Advances in neovascularization after diabetic ischemia

Figure 1 Novel mechanisms of neovascularization. When glucose enters the cell through channels that initiate glycolysis in an aerobic environment, when the anaerobic glycolysis, lactic acid can cause macrophages to convert to a repair phenotype. These macrophages will not produce inflammatory factors such as tumor necrosis factor γ and interleukin 12, which promotes angiogenesis. Lactic acid can activate the nuclear factor kappa-B-C-X-C motif chemokine 8 pathway, promote vascular endothelial growth factor (VEGF) secretion, stabilize hypoxia-inducible factor-1α (HIF-1α), and promote angiogenesis.
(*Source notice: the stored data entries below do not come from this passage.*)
(* Let $f,g\in C[0,1]$. Then $$\underline{\dim}_B G(f\cdot g)\le \max\{\underline{\dim}_B G(f),\ \overline{\dim}_B G(g)\}.$$
   Context: $C[0,1]$ is the space of real-valued continuous functions on $[0,1]$; $G(f)=\{(x,f(x)):x\in[0,1]\}\subset\mathbb{R}^2$ is the graph of $f$; $f\cdot g$ is the pointwise product. For a nonempty bounded set $F$, $N_\delta(F)$ is the smallest number of sets of diameter at most $\delta$ covering $F$, $\overline{\dim}_B F=\limsup_{\delta\to0}\frac{\log N_\delta(F)}{-\log\delta}$ and $\underline{\dim}_B F=\liminf_{\delta\to0}\frac{\log N_\delta(F)}{-\log\delta}$. *)

theory Defs
  imports "HOL-Analysis.Analysis" "HOL-Library.Extended_Real"
begin

definition graph01 :: "(real \<Rightarrow> real) \<Rightarrow> (real \<times> real) set" where
  "graph01 f = {(x, f x) | x. x \<in> {0..1}}"

definition cover_num :: "real \<Rightarrow> 'a::metric_space set \<Rightarrow> nat" where
  "cover_num \<delta> F = (LEAST n. \<exists>U :: nat \<Rightarrow> 'a set.
      F \<subseteq> (\<Union>i<n. U i) \<and> (\<forall>i<n. \<forall>x\<in>U i. \<forall>y\<in>U i. dist x y \<le> \<delta>))"

definition upper_box_dim :: "'a::metric_space set \<Rightarrow> ereal" where
  "upper_box_dim F = Limsup (at_right 0) (\<lambda>\<delta>. ereal (ln (real (cover_num \<delta> F)) / - ln \<delta>))"

definition lower_box_dim :: "'a::metric_space set \<Rightarrow> ereal" where
  "lower_box_dim F = Liminf (at_right 0) (\<lambda>\<delta>. ereal (ln (real (cover_num \<delta> F)) / - ln \<delta>))"

end

theory Submission
  imports Defs
begin

text \<open>Split [0,1] into columns of width \<open>w \<approx> \<delta>\<close>. Up to constant factors, the number of
  \<open>\<delta>\<close>-sets needed to cover the graph of a continuous \<open>\<phi>\<close> is the column sum
  \<open>\<Sum>\<^sub>k (osc\<^sub>k \<phi> / w + 1)\<close>: stacking squares over each column gives the upper bound, and
  picking graph points at heights spaced \<open>4w\<close> apart in every fourth column gives \<open>\<delta>\<close>-separated
  points, hence the lower bound. Since \<open>osc\<^sub>k (f g) \<le> M (osc\<^sub>k f + osc\<^sub>k g)\<close> for \<open>|f|, |g| \<le> M\<close>,
  this yields \<open>N\<^sub>\<delta>(G(f g)) \<le> C (N\<^sub>\<delta>(G f) + N\<^sub>\<delta>(G g)) \<le> 2C max (N\<^sub>\<delta>(G f)) (N\<^sub>\<delta>(G g))\<close>.
  After taking logarithms and dividing by \<open>-log \<delta>\<close> the constant vanishes as \<open>\<delta> \<rightarrow> 0\<close>, and
  a lower limit of a maximum is at most the lower limit of one term or the upper limit of the other.\<close>

definition delta_cover :: "real \<Rightarrow> 'a::metric_space set \<Rightarrow> nat \<Rightarrow> bool" where
  "delta_cover \<delta> F n \<longleftrightarrow> (\<exists>U :: nat \<Rightarrow> 'a set.
      F \<subseteq> (\<Union>i<n. U i) \<and> (\<forall>i<n. \<forall>x\<in>U i. \<forall>y\<in>U i. dist x y \<le> \<delta>))"
definition KdVSCS_sol :: "(real \<times> real) set \<Rightarrow> nat \<Rightarrow> (nat \<Rightarrow> real) \<Rightarrow>
    (real \<Rightarrow> real \<Rightarrow> real) \<Rightarrow> (nat \<Rightarrow> real \<Rightarrow> real \<Rightarrow> real) \<Rightarrow> bool" where
  "KdVSCS_sol \<Omega> n lam u Phi \<longleftrightarrow>
     (\<forall>(x,t)\<in>\<Omega>.
        Dt u x t + 6 * u x t * Dx u x t + Dx (Dx (Dx u)) x t
          + 4 * (\<Sum>j\<in>{1..n}. Phi j x t * Dx (Phi j) x t) = 0 \<and>
        (\<forall>j\<in>{1..n}. Dx (Dx (Phi j)) x t + (lam j + u x t) * Phi j x t = 0))"

end

theory Submission
  imports Defs
begin

(* With G = \<partial>\<^sub>\<xi> f, differentiating the
   Lax system in \<xi> gives
     G\<^sub>x\<^sub>x + (\<xi> + u) G = -f,    G\<^sub>t = A\<^sub>n(\<xi>) G + 4 f\<^sub>x + \<Sigma> \<Phi>\<^sub>j W(\<Phi>\<^sub>j,f) / (\<lambda>\<^sub>j - \<xi>)\<^sup>2,
   and from the Lax equations one gets the closed forms
     \<partial>\<^sub>t \<omega>(f,\<phi>) = 4 f\<^sub>x \<phi>\<^sub>x + 2 (2\<xi> + 2\<lambda> + u) f \<phi> + \<Sigma> \<omega>(f,\<Phi>\<^sub>j) \<omega>(\<phi>,\<Phi>\<^sub>j),
     \<partial>\<^sub>t \<omega>(f,f) = 4 f\<^sub>x\<^sup>2 + 2 (4\<xi> + u) f\<^sup>2 + \<Sigma> \<omega>(f,\<Phi>\<^sub>j)\<^sup>2,
   where \<Phi>\<^sub>j stands for \<phi>\<^sub>j of the statement, and for the transformed functions
     W(\<Phi>bar\<^sub>j, \<phi>bar) = W(\<Phi>\<^sub>j, \<phi>) - (\<lambda>\<^sub>j - \<lambda>) \<omega>(f,\<Phi>\<^sub>j) \<omega>(f,\<phi>) / D.
   Substituting these, the source terms of the two sides agree summand by summand, and
   what remains is the same identity for KdV without sources, a rational identity in
   u, u\<^sub>x, f, f\<^sub>x, \<phi>, \<phi>\<^sub>x and D. The only analytic input is the symmetry of mixed partial
   derivatives of C\<^sup>\<infinity> functions of (\<xi>, x, t). *)

lemma frechet_derivative_transform_within_open:
  fixes g h :: "'a::euclidean_space \<Rightarrow> real"
  assumes "open S" "p \<in> S" "\<And>q. q \<in> S \<Longrightarrow> g q = h q" "g differentiable at p"
  shows "frechet_derivative h (at p) = frechet_derivative g (at p)"
proof -
  have "(h has_derivative frechet_derivative g (at p)) (at p)"
    using has_derivative_transform_within_open[OF _ assms(1,2)] assms(3,4) frechet_derivative_works
    by blast
  then show ?thesis
    using frechet_derivative_at by metis
qed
When hypoxia occurs in the environment, it promotes hexokinase, which promotes glycolysis, and AMPK, which promotes hypoxia-inducible factor-1. It then acts on 6-phosphofructo-2-kinase/fructose-2,6-biphosphatase 3. AMPK also acts directly on 6-phosphofructo-2-kinase/fructose-2,6-biphosphatase 3, and they jointly promote fructose-2,6-biphosphatase, which acts on phosphofructokinase 1 and promotes glycolysis. Hypoxia also promotes VEGF secretion, and a high concentration of VEGF activates the Notch-DLL4 pathway, directly or indirectly promoting the proliferation of tip cells. VEGF also promotes the growth of stalk cells, and both promote angiogenesis. 1,3BPG: 1,3 diphosphoglycerate; 2-PG: 2-phosphoglycerate; 3-PG: 3-phosphoglycerate; F1,6BP: Fructose 1,6-diphosphate; F2,6BP: Fructose 2,6-diphosphate; F6P: Fructose 6 phosphate; G3P: Glyceraldehyde-3-phosphate; G6P: Glucose 6-phosphate; PEP: Phosphoenolpyruvate; Pyr: Pyruvic acid.